About this task: In the records below, begin at the line containing "(smult r y) x" and end at the line containing "text \<open>Write f(x)"; quote every line in that span exactly, including both boundary lines, and no others.

===== Data to use

(*
  A connection exists on any finitely generated projective module: from a dual basis
  (s_i, phi_i) one gets G_x y = sum_i a(x)(phi_i y) s_i.  Averaging G with its adjoint
  with respect to the pairing gives a metric connection N.  For such N the defect
    T(x,y,z) = <x o y, z> - (<N_x y, z> - <N_y x, z> + <N_z x, y>)
  is skew in (y,z), since both o and N are compatible with the pairing, and skew in (x,y),
  since polarising x o x = 1/2 D<x,x> gives <x o y + y o x, z> = a(z)<x,y>.  Being totally
  skew and C^oo-linear in z, T is a tensor.  Adding the section dual to 1/3 T to N keeps N
  metric, and since T is cyclic each of the three terms of the formula picks up 1/3 T,
  which absorbs the defect.
*)

theory Submission
  imports Defs
begin

lemma of_real_third_times_three: "of_real (1/3) * (3::'a::real_algebra_1) = 1"
proof -
  have "of_real (1/3) * (3::'a) = of_real (1/3 * 3)"
    by (simp only: of_real_mult of_real_numeral)
  then show ?thesis
    by simp
qed

locale anchored_metric_module =
  fixes smult :: "'r::{comm_ring_1,real_algebra_1} \<Rightarrow> 'e::ab_group_add \<Rightarrow> 'e"
    and pair :: "'e \<Rightarrow> 'e \<Rightarrow> 'r"
    and anchor :: "'e \<Rightarrow> 'r \<Rightarrow> 'r"
  assumes metric_bundle: "anchored_metric_bundle smult pair anchor"
begin

sublocale module smult
  using metric_bundle unfolding anchored_metric_bundle_def section_module_def
  by unfold_locales auto

lemma pair_commute: "pair x y = pair y x"
  using metric_bundle unfolding anchored_metric_bundle_def by simp

lemma r_linear_pair: "r_linear smult (pair x)"
  using metric_bundle unfolding anchored_metric_bundle_def by simp

lemma r_linearI:
  "(\<And>x y. \<phi> (x + y) = \<phi> x + \<phi> y) \<Longrightarrow> (\<And>r x. \<phi> (smult r x) = r * \<phi> x) \<Longrightarrow>
    r_linear smult \<phi>"
  unfolding r_linear_def by blast

lemma r_linear_add: "r_linear smult \<phi> \<Longrightarrow> \<phi> (x + y) = \<phi> x + \<phi> y"
  and r_linear_scale: "r_linear smult \<phi> \<Longrightarrow> \<phi> (smult r x) = r * \<phi> x"
  unfolding r_linear_def by blast+

lemma pair_add_right: "pair x (y + z) = pair x y + pair x z"
  and pair_scale_right: "pair x (smult r y) = r * pair x y"
  using r_linear_pair by (blast intro: r_linear_add r_linear_scale)+

lemma pair_add_left: "pair (y + z) x = pair y x + pair z x"
  and pair_scale_left: "pair (smult r y) x = r * pair y x"
  by (simp_all only: pair_commute[of _ x] pair_add_right pair_scale_right)
text \<open>Write f(x) = \<Sum> c_n x^n. A signed sum \<Sum> \<epsilon>_j f(l_j x) of dilations replaces each c_n by
  c_n times the signed power sum \<Sum> \<epsilon>_j l_j^n. Power sums are multiplicative under products of
  dilation lists, and the list 2^(\<plusminus>1) with sign +1 together with 2^|m| copies of 1 with sign -1
  has power sum 2^(\<plusminus>k) - 2^|m| at exponent k, vanishing only at k = m. So finitely many
  dilations turn f into a monomial C x^n with n \<noteq> 0, and after x \<mapsto> 1/x we may take n > 0.
  Iterated forward differences of C x^n, again signed sums of shifted values, give an affine
  function a x + b with a \<noteq> 0, and every y is a difference of two of its values.\<close>

definition signed_sum :: "('a \<Rightarrow> 'b::comm_ring_1) \<Rightarrow> ('b \<times> 'a) list \<Rightarrow> 'b" where
  "signed_sum f F = (\<Sum>(\<epsilon>, t)\<leftarrow>F. \<epsilon> * f t)"

definition pm_signs :: "('b::ring_1 \<times> 'a) list \<Rightarrow> bool" where
  "pm_signs F \<longleftrightarrow> (\<forall>(\<epsilon>, _)\<in>set F. \<epsilon> = 1 \<or> \<epsilon> = -1)"

definition signed_bind :: "('b::times \<times> 'a) list \<Rightarrow> ('a \<Rightarrow> ('b \<times> 'c) list) \<Rightarrow> ('b \<times> 'c) list" where
  "signed_bind F G = concat (map (\<lambda>(\<epsilon>, x). map (apfst ((*) \<epsilon>)) (G x)) F)"

lemma signed_sum_Nil [simp]: "signed_sum f [] = 0"
  by (simp add: signed_sum_def)

lemma signed_sum_Cons [simp]: "signed_sum f ((\<epsilon>, t) # F) = \<epsilon> * f t + signed_sum f F"
  by (simp add: signed_sum_def)

lemma signed_sum_append [simp]: "signed_sum f (F @ G) = signed_sum f F + signed_sum f G"
  by (simp add: signed_sum_def)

==========

Exercise output:
  and pair_scale_left: "pair (smult r y) x = r * pair y x"
  by (simp_all only: pair_commute[of _ x] pair_add_right pair_scale_right)
text \<open>Write f(x) = \<Sum> c_n x^n. A signed sum \<Sum> \<epsilon>_j f(l_j x) of dilations replaces each c_n by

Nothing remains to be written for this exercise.